Downloadable files available with assembly jobs

  1. A number of downloadable files are generated with the assembly job. To find those files, double click on the row that has the word “assembly” and the checkered flag, indicating a completed job. Figure 96

  2. This will re-write the page to show the files generated by the assembly job. Figure 97

  3. The assembly-details.json file is a JSON file. This type of file that stores simple data structures and objects in JavaScript Object Notation (JSON) format, which is a standard data interchange format. It is primarily used for transmitting data between a web application and a server. While it is not recommended for viewing (it is a computer-readable file), the file is both downloadable and viewable. To see the contents of this file, highlight the row that contains the file and then click on the View icon in the vertical green bar Figure 98

  4. This will open the details file. Figure 99

  5. The assembly.bam file is a Binary Alignment Map (BAM), which is the comprehensive raw data of genome sequencing. It consists of the lossless (class of data compression algorithms that allows the original data to be perfectly reconstructed from the compressed data), compressed binary representation of the Sequence Alignment Map-files. BAM is the compressed binary representation of SAM (Sequence Alignment Map). BAM is in compressed BGZF format. To download this file, highlight the row that contains it and click on the Download icon in the vertical green bar. Figure 100

  6. The assembly.bam.bai is a bam index file. To download this file, highlight the row that contains it and click on the Download icon in the vertical green bar. Figure 101

  7. The assembly.depth file shows the depth of support based on the reads at each position in the assembly. To view this file, click on the row that has the file name and click on the View icon in the vertical green bar. Figure 102

  8. This will open the file, showing the position and the coverage depth. Figure 103

  9. The assembly.fasta file shows the nucleotide sequence of contig. This file must be downloaded to view. To download this file, highlight the row that contains it and click on the Download icon in the vertical green bar. Figure 104

  10. The assembly.png is a graph that shows the coverage depth for the assembly at the specific positions in the genome, which can also be seen in the Full Genome Report. To view this file, click on the row that has the file name and click on the View icon in the vertical green bar. Figure 105

  11. The vc.gz and vcfgz.tbi files. The assembly service offers three types of VCF files. The Variant Call Format specification (VCF, https://samtools.github.io/hts-specs/VCFv4.2.pdf) is a text file format (usually stored in a compressed manner). It contains meta-information lines, a header line, and then data lines each containing information about a position in the genome. The format also has the ability to contain genotype information on samples for each position. When a VCF file is compressed and indexed using tabix, and made web- accessible, the Genome Browser is able to fetch only the portions of the file necessary to display items in the viewed region. These files are all available for download. Figure 106

  12. The contig file is also available at the higher level in the assembly page. It is identifiable by the icon indicating contigs in the first column. To download this file, highlight the row that contains it and click on the Download icon in the vertical green bar. Figure 100

References

  1. Martin, M., Cutadapt removes adapter sequences from high-throughput sequencing reads. EMBnet. journal, 2011. 17(1): p. 10-12.

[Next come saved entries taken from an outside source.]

lemma double_label_plus_double_pf_const:
  fixes f :: "nat \<Rightarrow> 4"
  assumes inj: "inj_on f {..<4}" and e: "e \<in> {1,2,3}"
    and partner: "\<forall>a<4. f (partner e a) = f a + 2" and ab: "a < 4" "b < 4"
  shows "2 * f a + 2 * of_nat (pf e a) = 2 * f b + 2 * of_nat (pf e b)"
proof (cases "pf e a = pf e b")
  case True
  then have "b = a \<or> b = partner e a" using pf_eq_iff_partner e ab by blast
  then have "f b = f a \<or> f b = f a + 2" using partner ab by blast
  then have "2 * f b = 2 * f a" by (simp only: Z4_double_eq_iff)
  then show ?thesis using True by simp
next
  case False
  then have "b \<noteq> a" "b \<noteq> partner e a" using pf_partner[OF e ab(1)] by auto
  then have "f b \<noteq> f a" "f b \<noteq> f (partner e a)"
    using inj ab partner_less_4[OF e ab(1)] by (simp_all add: inj_on_eq_iff)
  then have "2 * f b \<noteq> 2 * f a"
    using partner ab by (simp only: Z4_double_eq_iff) simp
  then have f: "2 * f b = 2 * f a + 2" by (rule Z4_double_neq)
  have "pf e a = 0 \<and> pf e b = 1 \<or> pf e a = 1 \<and> pf e b = 0"
    using False pf_le_1[of e a] pf_le_1[of e b] by linarith
  then have "2 * (of_nat (pf e b) :: 4) \<noteq> 2 * of_nat (pf e a)" by (elim disjE) simp_all
  then have pf: "2 * (of_nat (pf e b) :: 4) = 2 * of_nat (pf e a) + 2" by (rule Z4_double_neq)
  have "(2::4) + 2 = 0" by simp
  then show ?thesis unfolding f pf by (simp add: algebra_simps)
qed

locale block_labelling =
  fixes d :: nat and E :: "nat \<Rightarrow> nat" and lb :: "(nat \<Rightarrow> nat) \<Rightarrow> nat" and s :: nat
    and \<phi> :: "nat \<Rightarrow> nat \<Rightarrow> 4"
  assumes three_le_d: "3 \<le> d" and params: "bp_params d E lb s" and labelling: "labelling d \<phi>"
    and blockperm_eq: "\<forall>\<alpha>\<in>idx d 4. blockperm d E lb s \<alpha> = sum_matrix d \<phi> \<alpha>"
begin

lemma E_range: "i < d \<Longrightarrow> E i \<in> {1,2,3}"
  using params by (simp add: bp_params_def)

lemma blockperm_iff_label_sum:
  "\<alpha> \<in> idx d 4 \<Longrightarrow> blockperm d E lb s \<alpha> = 1 \<longleftrightarrow> (\<Sum>i<d. \<phi> i (\<alpha> i)) = 0"
  using blockperm_eq by (simp add: sum_matrix_def)

lemma flip_two_labels:
  assumes il: "i < d" "l < d" "i \<noteq> l" and ab: "a < 4" "b < 4"
  shows "\<phi> i (partner (E i) a) + \<phi> l (partner (E l) b) = \<phi> i a + \<phi> l b"
proof -
  obtain m where m: "m < d" "m \<noteq> i" "m \<noteq> l"
    using ex_less_avoiding_two[OF three_le_d] by blast
  define x where "x = ((\<lambda>_. 0)(i := \<phi> i a, l := \<phi> l b, m := - (\<phi> i a + \<phi> l b)))"
  obtain \<alpha> where \<alpha>: "\<alpha> \<in> idx d 4" and \<alpha>x: "\<forall>r<d. \<phi> r (\<alpha> r) = x r"
    using labelling_surj_idx[OF labelling, of x] by blast
  have "\<phi> i (\<alpha> i) = \<phi> i a" "\<phi> l (\<alpha> l) = \<phi> l b"
    using \<alpha>x il m by (simp_all add: x_def)
  then have \<alpha>_il: "\<alpha> i = a" "\<alpha> l = b"
    using labelling_inj[OF labelling] \<alpha> il ab by (simp_all add: idx_def)
  have "(\<Sum>r<d. \<phi> r (\<alpha> r)) = (\<Sum>r<d. x r)" using \<alpha>x by simp
  also have "\<dots> = 0" using il m unfolding x_def by (simp add: sum_fun_upd del: fun_upd_apply) simp
  finally have sum_\<alpha>: "(\<Sum>r<d. \<phi> r (\<alpha> r)) = 0" .
  then have "blockperm d E lb s \<alpha> = 1" using \<alpha> blockperm_iff_label_sum by blast
  then have "blockperm d E lb s (\<alpha>(i := partner (E i) a, l := partner (E l) b)) = 1"
    using blockperm_flip_two[of d E \<alpha> i l] E_range \<alpha> il \<alpha>_il by simp
  moreover have "\<alpha>(i := partner (E i) a, l := partner (E l) b) \<in> idx d 4"
    using \<alpha> il ab E_range partner_less_4 by (simp add: idx_def)
  ultimately have "(\<Sum>r<d. \<phi> r ((\<alpha>(i := partner (E i) a, l := partner (E l) b)) r)) = 0"
    using blockperm_iff_label_sum by blast
  moreover
  let ?g = "\<lambda>r. \<phi> r (\<alpha> r)" and ?a' = "\<phi> i (partner (E i) a)" and ?b' = "\<phi> l (partner (E l) b)"
  have "(\<lambda>r. \<phi> r ((\<alpha>(i := partner (E i) a, l := partner (E l) b)) r)) = ?g(i := ?a', l := ?b')"
    by (simp add: fun_eq_iff)
  moreover have "sum (?g(i := ?a', l := ?b')) {..<d} = sum (?g(i := ?a')) {..<d} - \<phi> l b + ?b'"
    using il \<alpha>_il by (simp add: sum_fun_upd del: fun_upd_apply) simp
  moreover have "sum (?g(i := ?a')) {..<d} = sum ?g {..<d} - \<phi> i a + ?a'"
    using il \<alpha>_il by (simp add: sum_fun_upd del: fun_upd_apply)
  ultimately have "(\<Sum>r<d. \<phi> r (\<alpha> r)) - \<phi> i a + ?a' - \<phi> l b + ?b' = 0"
    by metis
  with sum_\<alpha> show ?thesis
    by (simp add: algebra_simps eq_neg_iff_add_eq_0)
qed
(* Let $m\ge 2$, $\boldsymbol{\mu}\in\mathbb{R}^m$, and let $\boldsymbol{\Sigma}\in\mathbb{R}^{m\times m}$ be symmetric positive definite with symmetric positive definite square root $\boldsymbol{\Sigma}^{1/2}$. Let $\mathcal{R}$ be a non-negative scalar random variable with probability density $p_{\mathcal{R}}$ on $(0,\infty)$, and let $\boldsymbol{\mathcal{V}}\sim vMF(\boldsymbol{\mu}_v,\tau)$ be independent of $\mathcal{R}$, with density $p_{\boldsymbol{\mathcal{V}}}$. Define $\boldsymbol{\mathcal{X}}=\boldsymbol{\mu}+\mathcal{R}\,\boldsymbol{\Sigma}^{1/2}\boldsymbol{\mathcal{V}}$. Then $\boldsymbol{\mathcal{X}}$ has a probability density (with respect to Lebesgue measure on $\mathbb{R}^m$) given, for $\mathbf{x}\neq\boldsymbol{\mu}$, by $$p_{\boldsymbol{\mathcal{X}}}(\mathbf{x})=\det(\boldsymbol{\Sigma})^{-1/2}\cdot p_{\boldsymbol{\mathcal{V}}}\!\Big(\frac{\boldsymbol{\Sigma}^{-1/2}(\mathbf{x}-\boldsymbol{\mu})}{\sqrt{t}}\Big)\cdot g(t),$$ where $t=(\mathbf{x}-\boldsymbol{\mu})^T\boldsymbol{\Sigma}^{-1}(\mathbf{x}-\boldsymbol{\mu})$ and $g(t)=t^{-\frac{m-1}{2}}\,p_{\mathcal{R}}(\sqrt{t})$.
   Context: The von Mises–Fisher distribution $vMF(\boldsymbol{\mu}_v,\tau)$ on the unit sphere $\mathbb{S}^{m-1}=\{\mathbf{x}\in\mathbb{R}^m:\mathbf{x}^T\mathbf{x}=1\}$, with mean direction $\boldsymbol{\mu}_v\in\mathbb{S}^{m-1}$ and concentration $\tau>0$, has density with respect to the surface measure on $\mathbb{S}^{m-1}$ given by $p_{\boldsymbol{\mathcal{V}}}(\mathbf{v})=C_m(\tau)\exp(\tau\boldsymbol{\mu}_v^T\mathbf{v})$, where $C_m(\tau)=\tau^{m/2-1}/\big((2\pi)^{m/2}I_{m/2-1}(\tau)\big)$ and $I_a$ is the modified Bessel function of the first kind. The random vector $\boldsymbol{\mathcal{X}}$ is called a vMF elliptical distribution. *)

theory Defs
  imports "HOL-Probability.Probability"
begin

definition bessel_I :: "real \<Rightarrow> real \<Rightarrow> real" where
  "bessel_I a x = (\<Sum>k. (x / 2) powr (2 * real k + a) / (fact k * Gamma (real k + a + 1)))"

text \<open>Surface (Hausdorff) measure on the unit sphere of real^'m, defined as the
  cone measure: sigma(A) = m * Lebesgue volume of {r v | 0 < r <= 1, v in A on the sphere}.\<close>
definition sphere_surface :: "(real ^ 'm) measure" where
  "sphere_surface = measure_of UNIV (sets borel)
     (\<lambda>A. of_nat CARD('m) * emeasure lborel
        {r *\<^sub>R v | r v. 0 < r \<and> r \<le> 1 \<and> v \<in> A \<and> v \<in> sphere 0 1})"

definition vMF_const :: "nat \<Rightarrow> real \<Rightarrow> real" where
  "vMF_const m \<tau> = \<tau> powr (real m / 2 - 1) /
     ((2 * pi) powr (real m / 2) * bessel_I (real m / 2 - 1) \<tau>)"

definition vMF_density :: "real ^ 'm \<Rightarrow> real \<Rightarrow> real ^ 'm \<Rightarrow> real" where
  "vMF_density \<mu>v \<tau> v =
     (if v \<in> sphere 0 1 then vMF_const CARD('m) \<tau> * exp (\<tau> * (\<mu>v \<bullet> v)) else 0)"

definition sym_pos_def :: "real ^ 'm ^ 'm \<Rightarrow> bool" where
  "sym_pos_def A \<longleftrightarrow> transpose A = A \<and> (\<forall>x. x \<noteq> 0 \<longrightarrow> x \<bullet> (A *v x) > 0)"
(* For $\lambda\in\mathbb{R}$ let $\mathfrak{n}_\lambda$ be the real $7$-dimensional Lie algebra with basis $e_1,\dots,e_7$ whose nonzero brackets (up to antisymmetry) are $[e_1,e_2]=e_3$, $[e_1,e_3]=e_4$, $[e_1,e_4]=e_5$, $[e_1,e_5]=e_6$, $[e_1,e_6]=e_7$, $[e_2,e_3]=e_5$, $[e_2,e_4]=e_6$, $[e_2,e_5]=\lambda e_7$, $[e_3,e_4]=(1-\lambda)e_7$. Then $\mathfrak{n}_\lambda$ is an Einstein nilradical if and only if $\lambda\notin\{0,1\}$.
   Context: A real nilpotent Lie algebra $\mathfrak{n}$ is called an Einstein nilradical if it admits an inner product such that the left-invariant Riemannian metric it defines on the simply connected nilpotent Lie group with Lie algebra $\mathfrak{n}$ is a nilsoliton, i.e. its Ricci operator satisfies $\mathrm{Ric}=c\,\mathrm{Id}+D$ for some $c\in\mathbb{R}$ and some derivation $D$ of $\mathfrak{n}$. Brackets of basis elements not listed are zero. *)

theory Defs
  imports "HOL-Analysis.Analysis"
begin

definition is_inner_product :: "(real^'n \<Rightarrow> real^'n \<Rightarrow> real) \<Rightarrow> bool" where
  "is_inner_product ip \<longleftrightarrow> bilinear ip \<and> (\<forall>x y. ip x y = ip y x) \<and> (\<forall>x. x \<noteq> 0 \<longrightarrow> ip x x > 0)"

definition is_orthonormal_basis ::
  "(real^'n \<Rightarrow> real^'n \<Rightarrow> real) \<Rightarrow> ('n::finite \<Rightarrow> real^'n) \<Rightarrow> bool" where
  "is_orthonormal_basis ip b \<longleftrightarrow> (\<forall>i j. ip (b i) (b j) = (if i = j then 1 else 0))"

text \<open>Ricci form of the left-invariant metric defined by the inner product ip on a
  nilpotent Lie algebra with bracket B, computed in an orthonormal basis b:
  ric(x,y) = -1/2 sum_{i,j} <[x,b_i],b_j><[y,b_i],b_j> + 1/4 sum_{i,j} <[b_i,b_j],x><[b_i,b_j],y>.\<close>
definition ricci_form_nil ::
  "(real^'n \<Rightarrow> real^'n \<Rightarrow> real) \<Rightarrow> ('n::finite \<Rightarrow> real^'n) \<Rightarrow> (real^'n \<Rightarrow> real^'n \<Rightarrow> real^'n)
     \<Rightarrow> real^'n \<Rightarrow> real^'n \<Rightarrow> real" where
  "ricci_form_nil ip b B x y =
     - (1/2) * (\<Sum>i\<in>UNIV. \<Sum>j\<in>UNIV. ip (B x (b i)) (b j) * ip (B y (b i)) (b j))
     + (1/4) * (\<Sum>i\<in>UNIV. \<Sum>j\<in>UNIV. ip (B (b i) (b j)) x * ip (B (b i) (b j)) y)"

  2. Langmead, B. and S. Salzberg, Langmead. 2013. Bowtie2. Nature Methods, 2013. 9: p. 357-359.

  3. Etherington, G.J., R.H. Ramirez-Gonzalez, and D. MacLean, bio-samtools 2: a package for analysis and visualization of sequence and alignment data with SAMtools in Ruby. Bioinformatics, 2015. 31(15): p. 2565-2567.

  4. Li, H., Minimap2: pairwise alignment for nucleotide sequences. Bioinformatics, 2018. 34(18): p. 3094-3100.